Major pCD (pYV)-encoded virulence factors include the cytotoxic Yops noted previously. Despite the essential nature of these proteins, they are promptly degraded by Pla during expression in vitro. Recent work on the nature of the LCR and results reported here may provide a basis for understanding this enigma. Classical studies on the regulation of macromolecular synthesis in prokaryotes have established the existence of global regulatory mechanisms that assure constant ratios of protein to DNA, thereby preventing lethal unbalanced growth (40). Bacteriostasis of yersiniae in vitro resulting from Ca²⁺privation at 37°C reflects termination of ongoing rounds of DNA synthesis but continued synthesis of mRNA (15, 68, 69) known to largely encode pCD encoded functions, especially Yops (42, 43). The ratio of DNA to protein would thus become skewed if Yops were permitted to accumulate within the cytoplasm of static Ca²⁺-starved bacteria; therefore, a process is required to assure their elimination, either by turnover or export into culture supernatant fluid. Both mechanisms are utilized as judged by the occurrence of type III secretion and concomitant Pla-mediated degradation. It is not yet clear if an identical secretion process also accounts for translocation of Yops into host cell cytoplasm by docked yersiniae. In this context, it may be significant that YopE can be secreted by two distinct systems (16); perhaps only one such mechanism is linked to subsequent Pla-mediated hydrolysis.

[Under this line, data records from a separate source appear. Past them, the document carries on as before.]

lemma pushmass_glued_marginals:
  fixes \<nu> :: "'a \<Rightarrow> real"
  assumes f: "fsprob \<nu>" and c1: "is_coupling \<nu> \<mu>1 \<gamma>1" and c2: "is_coupling \<nu> \<mu>2 \<gamma>2"
  defines "I \<equiv> SIGMA y:supp \<nu>. fiber \<gamma>1 y \<times> fiber \<gamma>2 y"
    and "g \<equiv> \<lambda>(y, z, z'). \<gamma>1 z * \<gamma>2 z' / \<nu> y"
  shows "pushmass I g (\<lambda>(y, z, z'). snd z) = \<mu>1" and "pushmass I g (\<lambda>(y, z, z'). snd z') = \<mu>2"
proof -
  have finY: "finite (supp \<nu>)" using f by (simp add: fsprob_def)
  have \<nu>_nz: "\<nu> y \<noteq> 0" if "y \<in> supp \<nu>" for y using that by (simp add: supp_def)
  have sum_I: "(\<Sum>t\<in>I. F t) = (\<Sum>y\<in>supp \<nu>. \<Sum>z\<in>fiber \<gamma>1 y. \<Sum>z'\<in>fiber \<gamma>2 y. F (y, z, z'))"
    for F :: "'a \<times> ('a \<times> 'a) \<times> ('a \<times> 'a) \<Rightarrow> real"
    unfolding I_def using finY finite_fiber[OF c1] finite_fiber[OF c2] by (intro sum_Sigma_times) auto
  show "pushmass I g (\<lambda>(y, z, z'). snd z) = \<mu>1"
  proof
    fix a
    have "pushmass I g (\<lambda>(y, z, z'). snd z) a = (\<Sum>y\<in>supp \<nu>. \<Sum>z\<in>fiber \<gamma>1 y.
        (if snd z = a then \<gamma>1 z / \<nu> y else 0) * (\<Sum>z'\<in>fiber \<gamma>2 y. \<gamma>2 z'))"
      unfolding pushmass_def sum_I g_def by (intro sum.cong refl) (auto simp: sum_distrib_left)
    also have "\<dots> = (\<Sum>y\<in>supp \<nu>. \<Sum>z\<in>fiber \<gamma>1 y. if snd z = a then \<gamma>1 z else 0)"
      using \<nu>_nz by (intro sum.cong refl) (auto simp: is_coupling_sum_fiber[OF c2])
    also have "\<dots> = \<mu>1 a"
      unfolding sum_supp_coupling_fibers[OF c1 finY, symmetric] by (rule is_coupling_snd_marginal[OF c1])
    finally show "pushmass I g (\<lambda>(y, z, z'). snd z) a = \<mu>1 a" .
  qed
  show "pushmass I g (\<lambda>(y, z, z'). snd z') = \<mu>2"
  proof
    fix a
    have "pushmass I g (\<lambda>(y, z, z'). snd z') a = (\<Sum>y\<in>supp \<nu>. \<Sum>z\<in>fiber \<gamma>1 y. \<Sum>z'\<in>fiber \<gamma>2 y.
        if snd z' = a then \<gamma>1 z * \<gamma>2 z' / \<nu> y else 0)"
      unfolding pushmass_def sum_I g_def by (intro sum.cong refl) auto
    also have "\<dots> = (\<Sum>y\<in>supp \<nu>. \<Sum>z'\<in>fiber \<gamma>2 y. \<Sum>z\<in>fiber \<gamma>1 y.
        if snd z' = a then \<gamma>1 z * \<gamma>2 z' / \<nu> y else 0)"
      by (rule sum.cong[OF refl], rule sum.swap)
    also have "\<dots> = (\<Sum>y\<in>supp \<nu>. \<Sum>z'\<in>fiber \<gamma>2 y.
        (if snd z' = a then \<gamma>2 z' / \<nu> y else 0) * (\<Sum>z\<in>fiber \<gamma>1 y. \<gamma>1 z))"
      by (intro sum.cong refl) (auto simp: sum_distrib_left intro!: sum.cong)
    also have "\<dots> = (\<Sum>y\<in>supp \<nu>. \<Sum>z'\<in>fiber \<gamma>2 y. if snd z' = a then \<gamma>2 z' else 0)"
      using \<nu>_nz by (intro sum.cong refl) (auto simp: is_coupling_sum_fiber[OF c1])
    also have "\<dots> = \<mu>2 a"
      unfolding sum_supp_coupling_fibers[OF c2 finY, symmetric] by (rule is_coupling_snd_marginal[OF c2])
    finally show "pushmass I g (\<lambda>(y, z, z'). snd z') a = \<mu>2 a" .
  qed
qed

lemma Wpp_le_glued_cost:
  fixes \<nu> :: "'a::real_normed_vector \<Rightarrow> real"
  assumes f: "fsprob \<nu>" and c1: "is_coupling \<nu> \<mu>1 \<gamma>1" and c2: "is_coupling \<nu> \<mu>2 \<gamma>2"
  shows "Wpp p \<mu>1 \<mu>2 \<le> glued_cost p \<nu> \<gamma>1 \<gamma>2"
proof -
  define I where "I = (SIGMA y:supp \<nu>. fiber \<gamma>1 y \<times> fiber \<gamma>2 y)"
  define g where "g = (\<lambda>(y, z, z'). \<gamma>1 z * \<gamma>2 z' / \<nu> y)"
  have fin: "finite (supp \<nu>)" "\<And>y. finite (fiber \<gamma>1 y)" "\<And>y. finite (fiber \<gamma>2 y)"
    using f finite_fiber[OF c1] finite_fiber[OF c2] by (auto simp: fsprob_def)
  have g_nonneg: "0 \<le> g t" for t
    using f is_coupling_nonneg[OF c1] is_coupling_nonneg[OF c2]
    by (auto simp: g_def fsprob_def split: prod.splits)
  have "Wpp p \<mu>1 \<mu>2 \<le> (\<Sum>t\<in>I. g t * norm ((case t of (y, z, z') \<Rightarrow> snd z) - (case t of (y, z, z') \<Rightarrow> snd z')) ^ p)"
    using Wpp_pushmass_le[where I = I and g = g and f = "\<lambda>(y, z, z'). snd z" and f' = "\<lambda>(y, z, z'). snd z'"]
      fin g_nonneg pushmass_glued_marginals[OF f c1 c2] unfolding I_def g_def by auto
  also have "\<dots> = glued_cost p \<nu> \<gamma>1 \<gamma>2"
    unfolding I_def glued_cost_def g_def using fin by (subst sum_Sigma_times) auto
  finally show ?thesis .
qed

definition cross_coeff :: "nat \<Rightarrow> real" where
  "cross_coeff p = (if p = 2 then 2 else 0)"

lemma norm_diff_power_le:
  fixes a b y :: "'a::real_inner"
  assumes "p \<in> {1, 2}"
  shows "norm (a - b) ^ p \<le> norm (a - y) ^ p + norm (b - y) ^ p - cross_coeff p * inner (a - y) (b - y)"
proof (cases "p = 1")
  case True
  have "norm (a - b) = norm ((a - y) - (b - y))" by simp
  also have "\<dots> \<le> norm (a - y) + norm (b - y)" by (rule norm_triangle_ineq4)
  finally show ?thesis using True by (simp add: cross_coeff_def)
next
  case False
  hence "p = 2" using assms by auto
  have "norm ((a - y) - (b - y)) ^ 2 = norm (a - y) ^ 2 + norm (b - y) ^ 2 - 2 * inner (a - y) (b - y)"
    by (simp add: power2_norm_eq_inner inner_diff_left inner_diff_right inner_commute)
  thus ?thesis using \<open>p = 2\<close> by (simp add: cross_coeff_def)
qed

In any event, it is now evident that cytotoxic Yops are innocuous to the host unless translocated during bacterium-host cell contact (19). Accordingly, the ability of Pla to hydrolyze excreted but not translocated Yops is unlikely to interfere with expression of virulence. Indeed, this function might even favor the ability of Y. pestis to cause acute disease by eliminating soluble Yops from Ca²⁺-deficient necrotic lesions in visceral organs where they would otherwise be recognized as foreign proteins. It is significant in this regard that visceral lesions in mice formed by Lcr⁺ cells of Y. pseudotuberculosis arose as abscesses surrounded by professional phagocytes, whereas those generated by Y. pestis appeared as pure necrotic foci entirely lacking in signs of inflammation (46, 65).